Этот совет, сочтенный дружеским, показался самым разумным, хотя он был самым коварным, и он возобладал. Министр решил уехать в тот же вечер и отправиться в Гавр освобождать принцев. Он получил от королевы секретный приказ на имя их тюремщика, которому этот приказ предписывал неукоснительно повиноваться кардиналу.[33]
Никто не был предупрежден об этом бегстве. Вечером 6 февраля кардинал пришел, как обычно, к королеве, которая в присутствии всех долго разговаривала с ним, и при этом никто не заметил как у нее, так и у него ни малейшего изменения ни в лице, ни в голосе.
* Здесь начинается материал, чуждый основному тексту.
lemma connected_graph_si:
  assumes "hypergraph V E" and "{} \<notin> E"
  shows "connected_graph (si_vertices V E) si_adj"
  unfolding connected_graph_def
proof (rule induced_connected_if_near_clique[where K = "Inl ` V"])
  fix x y :: "'a + 'a set"
  assume "x \<in> Inl ` V" "y \<in> Inl ` V" "x \<noteq> y"
  then obtain a b where "x = Inl a" "y = Inl b" "a \<noteq> b" by blast
  then show "si_adj x y" by simp
next
  show "Inl ` V \<subseteq> si_vertices V E"
    unfolding si_vertices_def by blast
next
  fix x assume x: "x \<in> si_vertices V E"
  show "\<exists>k\<in>Inl ` V. x = k \<or> si_adj x k \<and> si_adj k x"
  proof (cases x)
    case (Inl v)
    with x have "v \<in> V"
      unfolding si_vertices_def by blast
    with Inl show ?thesis by (intro bexI[of _ x]) simp_all
  next
    case (Inr e)
    with x have "e \<in> E"
      unfolding si_vertices_def by blast
    with assms(2) obtain v where "v \<in> e"
      by (metis all_not_in_conv)
    with \<open>e \<in> E\<close> assms(1) have "v \<in> V"
      unfolding hypergraph_def by blast
    with Inr \<open>v \<in> e\<close> show ?thesis by (intro bexI[of _ "Inl v"]) auto
  qed
qed

lemma cds_si_if_transversal:
  assumes S: "S \<subseteq> si_vertices V E" and a: "Inl a \<in> S" and tr: "transversal E (Inl -` S)"
  shows "connected_dominating_set (si_vertices V E) si_adj S"
proof -
  have hit: "\<exists>v\<in>e. Inl v \<in> S" if "e \<in> E" for e
    using tr that unfolding transversal_def by blast
  have edge_in_E: "e \<in> E" if "Inr e \<in> si_vertices V E" for e
    using that unfolding si_vertices_def by blast
  have "dominating_set (si_vertices V E) si_adj S"
    unfolding dominating_set_def
  proof (intro conjI ballI S)
    fix x assume x: "x \<in> si_vertices V E - S"
    show "\<exists>u\<in>S. si_adj x u"
    proof (cases x)
      case (Inl v)
      with x a show ?thesis by (intro bexI[of _ "Inl a"]) auto
    next
      case (Inr e)
      with x obtain v where "v \<in> e" "Inl v \<in> S"
        using hit edge_in_E by blast
      with Inr show ?thesis by (intro bexI[of _ "Inl v"]) auto
    qed
  qed
  moreover have "induced_connected si_adj S"
  proof (rule induced_connected_if_near_clique[where K = "S \<inter> range Inl"])
    fix x assume x: "x \<in> S"
    show "\<exists>k\<in>S \<inter> range Inl. x = k \<or> si_adj x k \<and> si_adj k x"
    proof (cases x)
      case (Inr e)
      with x S obtain v where "v \<in> e" "Inl v \<in> S"
        using hit edge_in_E by blast
      with Inr show ?thesis by (intro bexI[of _ "Inl v"]) auto
    qed (use x in auto)
  qed auto
  ultimately show ?thesis unfolding connected_dominating_set_def by blast
qed

lemma transversal_if_cds_si:
  assumes hyp: "hypergraph V E" and not_single: "E \<noteq> {V}"
    and cds: "connected_dominating_set (si_vertices V E) si_adj S"
  shows "transversal E (Inl -` S)"
proof (rule ccontr)
  assume "\<not> ?thesis"
  then obtain e where e: "e \<in> E" and unhit: "\<And>v. v \<in> e \<Longrightarrow> Inl v \<notin> S"
    unfolding transversal_def by auto
  let ?R = "{(a, b). a \<in> S \<and> b \<in> S \<and> si_adj a b}"
  have dom: "\<And>x. x \<in> si_vertices V E - S \<Longrightarrow> \<exists>u\<in>S. si_adj x u"
    and conn: "\<And>x y. x \<in> S \<Longrightarrow> y \<in> S \<Longrightarrow> (x, y) \<in> ?R\<^sup>*"
    using cds unfolding connected_dominating_set_def dominating_set_def induced_connected_def
    by blast+
  have no_nbr: "\<not> si_adj (Inr e) u" if "u \<in> S" for u
    using unhit that by (cases u) auto
  have in_S: "Inr e \<in> S"
  proof (rule ccontr)
    assume "Inr e \<notin> S"
    with e have "Inr e \<in> si_vertices V E - S"
      unfolding si_vertices_def by blast
    with dom no_nbr show False by blast
  qed
  show False
  proof (cases "S = {Inr e}")
    case True
    \<comment> \<open>a lone hyperedge vertex dominates only if it is the only one and contains all of \<open>V\<close>\<close>
    have "E \<subseteq> {e}"
    proof
      fix e' assume "e' \<in> E"
      show "e' \<in> {e}"
      proof (rule ccontr)
        assume "e' \<notin> {e}"
        with \<open>e' \<in> E\<close> True have "Inr e' \<in> si_vertices V E - S"
          unfolding si_vertices_def by auto
        with dom obtain u where "u \<in> S" "si_adj (Inr e') u" by blast
        with True show False by simp
      qed
    qed
    moreover have "e = V"
    proof
      show "e \<subseteq> V" using hyp e unfolding hypergraph_def by blast
      show "V \<subseteq> e"
      proof
        fix v assume "v \<in> V"
        with True have "Inl v \<in> si_vertices V E - S"
          unfolding si_vertices_def by auto
        with dom obtain u where "u \<in> S" "si_adj (Inl v) u" by blast
        with True show "v \<in> e" by simp
      qed
    qed
    ultimately have "E = {V}" using e by blast
    with not_single show False ..
  next
    case False
    then obtain y where "y \<in> S" "y \<noteq> Inr e" using in_S by blast
    from conn[OF in_S \<open>y \<in> S\<close>] \<open>y \<noteq> Inr e\<close> obtain z where "(Inr e, z) \<in> ?R"
      by (cases rule: converse_rtranclE) auto
    then show False using no_nbr by blast
  qed
qed

lemma cds_si_iff_transversal:
  assumes "hypergraph V E" and "E \<noteq> {}" and "E \<noteq> {V}" and S: "S \<subseteq> si_vertices V E"
  shows "connected_dominating_set (si_vertices V E) si_adj S \<longleftrightarrow> transversal E (Inl -` S)"
proof
  assume tr: "transversal E (Inl -` S)"
  then obtain a where "Inl a \<in> S"
    using \<open>E \<noteq> {}\<close> unfolding transversal_def by blast
  with tr show "connected_dominating_set (si_vertices V E) si_adj S"
    using cds_si_if_transversal[OF S] by blast
qed (rule transversal_if_cds_si[OF assms(1,3)])

lemma cds_si_iff_nonempty:
  assumes "E \<subseteq> {V}" and "V \<noteq> {}" and S: "S \<subseteq> si_vertices V E"
  shows "connected_dominating_set (si_vertices V E) si_adj S \<longleftrightarrow> S \<noteq> {}"
proof
  assume "connected_dominating_set (si_vertices V E) si_adj S"
  then show "S \<noteq> {}"
    using \<open>V \<noteq> {}\<close> unfolding connected_dominating_set_def dominating_set_def si_vertices_def by blast
next
  assume "S \<noteq> {}"
  show "connected_dominating_set (si_vertices V E) si_adj S"
  proof (cases "S \<inter> range Inl = {}")
    case False
    then obtain a where a: "Inl a \<in> S" by blast
    then have "transversal E (Inl -` S)"
      using S \<open>E \<subseteq> {V}\<close> unfolding transversal_def si_vertices_def by blast
    with a show ?thesis using cds_si_if_transversal[OF S] by blast
  next
    case True
    with S \<open>S \<noteq> {}\<close> \<open>E \<subseteq> {V}\<close> have "S = {Inr V}" "E = {V}"
      unfolding si_vertices_def by blast+
    then show ?thesis
      unfolding connected_dominating_set_def dominating_set_def induced_connected_def si_vertices_def
      by auto
  qed
qed

lemma sum_case_sum_Inl:
  fixes w :: "'a \<Rightarrow> 'b :: comm_monoid_add" and S :: "('a + 'c) set"
  assumes "finite S"
  shows "(\<Sum>x\<in>S. case_sum w (\<lambda>_. 0) x) = (\<Sum>v\<in>Inl -` S. w v)"
proof -
  have "(\<Sum>x\<in>S. case_sum w (\<lambda>_. 0) x) = (\<Sum>x\<in>(Inl ` Inl -` S :: ('a + 'c) set). case_sum w (\<lambda>_. 0) x)"
    by (rule sum.mono_neutral_right) (auto simp: assms split: sum.split)
  also have "\<dots> = (\<Sum>v\<in>Inl -` S. w v)"
    by (subst sum.reindex) (auto simp: inj_on_def)
  finally show ?thesis .
qed

lemma connected_domishold_si_iff_transversal_threshold:
  assumes hyp: "hypergraph V E" and "{} \<notin> E" and "E \<noteq> {}" and "E \<noteq> {V}"
  shows "connected_domishold (si_vertices V E) si_adj \<longleftrightarrow> transversal_threshold V E"
proof
  assume "connected_domishold (si_vertices V E) si_adj"
  then obtain w t where w: "\<forall>x\<in>si_vertices V E. 0 \<le> (w x :: real)" and "0 \<le> t"
    and thr: "\<And>S. S \<subseteq> si_vertices V E \<Longrightarrow>
                t \<le> (\<Sum>x\<in>S. w x) \<longleftrightarrow> connected_dominating_set (si_vertices V E) si_adj S"
    unfolding connected_domishold_def by blast
  have "t \<le> (\<Sum>v\<in>T. w (Inl v)) \<longleftrightarrow> transversal E T" if "T \<subseteq> V" for T
  proof -
    have T: "Inl ` T \<subseteq> si_vertices V E"
      using that unfolding si_vertices_def by blast
    have "(\<Sum>v\<in>T. w (Inl v)) = (\<Sum>x\<in>Inl ` T. w x)"
      by (simp add: sum.reindex)
    then show ?thesis
      using thr[OF T] cds_si_iff_transversal[OF assms(1,3,4) T] by (simp add: inj_vimage_image_eq)
  qed
  moreover have "\<forall>v\<in>V. 0 \<le> w (Inl v)"
    using w unfolding si_vertices_def by blast
  ultimately show "transversal_threshold V E"
    unfolding transversal_threshold_def using \<open>0 \<le> t\<close>
    by (intro exI[of _ "\<lambda>v. w (Inl v)"] exI[of _ t] conjI allI impI) blast+
next
  assume "transversal_threshold V E"
  then obtain w t where w: "\<forall>x\<in>V. 0 \<le> (w x :: real)" and "0 \<le> t"
    and thr: "\<And>T. T \<subseteq> V \<Longrightarrow> t \<le> (\<Sum>x\<in>T. w x) \<longleftrightarrow> transversal E T"
    unfolding transversal_threshold_def by blast
  have "t \<le> (\<Sum>x\<in>S. case_sum w (\<lambda>_. 0) x) \<longleftrightarrow> connected_dominating_set (si_vertices V E) si_adj S"
    if S: "S \<subseteq> si_vertices V E" for S
  proof -
    have "finite S"
      using S finite_si_vertices[OF hyp] finite_subset by blast
    moreover have "Inl -` S \<subseteq> V"
      using S unfolding si_vertices_def by auto
    ultimately show ?thesis
      using thr cds_si_iff_transversal[OF assms(1,3,4) S] by (simp add: sum_case_sum_Inl)
  qed
  moreover have "\<forall>x\<in>si_vertices V E. 0 \<le> case_sum w (\<lambda>_. 0) x"
    using w unfolding si_vertices_def by auto
  ultimately show "connected_domishold (si_vertices V E) si_adj"
    unfolding connected_domishold_def using connected_graph_si[OF hyp \<open>{} \<notin> E\<close>] \<open>0 \<le> t\<close>
    by (intro exI[of _ "case_sum w (\<lambda>_. 0)"] exI[of _ t] conjI allI impI) blast+
qed

lemma connected_domishold_si_if_subset_singleton:
  assumes hyp: "hypergraph V E" and "{} \<notin> E" and "E \<subseteq> {V}"
  shows "connected_domishold (si_vertices V E) si_adj"
proof (cases "V = {}")
  case True
  with assms have "si_vertices V E = {}"
    unfolding si_vertices_def by auto
  then show ?thesis
    unfolding connected_domishold_def using connected_graph_si[OF hyp \<open>{} \<notin> E\<close>]
    by (intro conjI exI[of _ "\<lambda>_. 0"] exI[of _ 0])
      (auto simp: connected_dominating_set_def dominating_set_def induced_connected_def)
next
  case False
  have "1 \<le> (\<Sum>x\<in>S. 1 :: real) \<longleftrightarrow> connected_dominating_set (si_vertices V E) si_adj S"
    if S: "S \<subseteq> si_vertices V E" for S
  proof -
    have "finite S"
      using S finite_si_vertices[OF hyp] finite_subset by blast
    then show ?thesis
      using cds_si_iff_nonempty[OF \<open>E \<subseteq> {V}\<close> False S] by (simp add: Suc_le_eq card_gt_0_iff)
  qed
  then show ?thesis
    unfolding connected_domishold_def using connected_graph_si[OF hyp \<open>{} \<notin> E\<close>]
    by (intro conjI exI[of _ "\<lambda>_. 1"] exI[of _ 1]) auto
qed

lemma threshold_hypergraph_if_subset_singleton:
  assumes hyp: "hypergraph V E" and "{} \<notin> E" and "E \<subseteq> {V}"
  shows "threshold_hypergraph V E"
proof (cases "E = {}")
  case True
  then show ?thesis
    unfolding threshold_hypergraph_def by (intro exI[of _ "\<lambda>_. 0"] exI[of _ 0]) auto
next
  case False
  then have E: "E = {V}" using \<open>E \<subseteq> {V}\<close> by blast
  have "1 \<le> (\<Sum>x\<in>T. 1 :: real) \<longleftrightarrow> transversal E T" if "T \<subseteq> V" for T
  proof -
    have "finite T"
      using that hyp finite_subset unfolding hypergraph_def by blast
    then show ?thesis
      using that E by (auto simp: transversal_def Suc_le_eq card_gt_0_iff Int_absorb1)
  qed
  then have "transversal_threshold V E"
    unfolding transversal_threshold_def by (intro exI[of _ "\<lambda>_. 1"] exI[of _ 1]) auto
  then show ?thesis
    using threshold_iff_transversal_threshold[OF hyp \<open>{} \<notin> E\<close> False] by blast
qed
Тем временем взбудораженный народ носился по улицам, и со всех сторон слышался крик «К оружию!».
В десять часов вечера Мазарини попрощался с королевой, держась при этом так же естественно, как если бы должен был увидеться с ней на следующий день, и вернулся в свои покои. Там он переоделся в красный камзол, надел серые штаны, шляпу с пером и, выйдя из Пале-Рояля в сопровождении всего лишь двух дворян из своей свиты, добрался до ворот Ришелье, где его дожидались несколько слуг с лошадьми. Через два часа Мазарини был уже в Сен-Жермене, где ему предстояло переночевать.
Тем временем королева оставалась в кругу придворных, сохраняя спокойное выражение лица и свои обычные манеры.
Новость о бегстве кардинала коадъютор узнал от принца де Гемене и г-на де Бетюна. Он тотчас же помчался к герцогу Орлеанскому и застал его в окружении толпы придворных. Однако эту первую минуту торжества омрачала тревога: не замыслила ли королева, которую все видели такой спокойной и уверенной, присоединиться к кардиналу и увезти с собой короля? Этого опасался коадъютор, но герцог Орлеанский, хотя в глубине души он считал так же, не позволил предпринять никаких мер для предотвращения подобного события. Дело в том, что если бы королева и король покинули Париж, то герцог Орлеанский остался бы властителем города, и кто знает, не исполнились бы тогда замыслы, которые он вынашивал всю свою жизнь?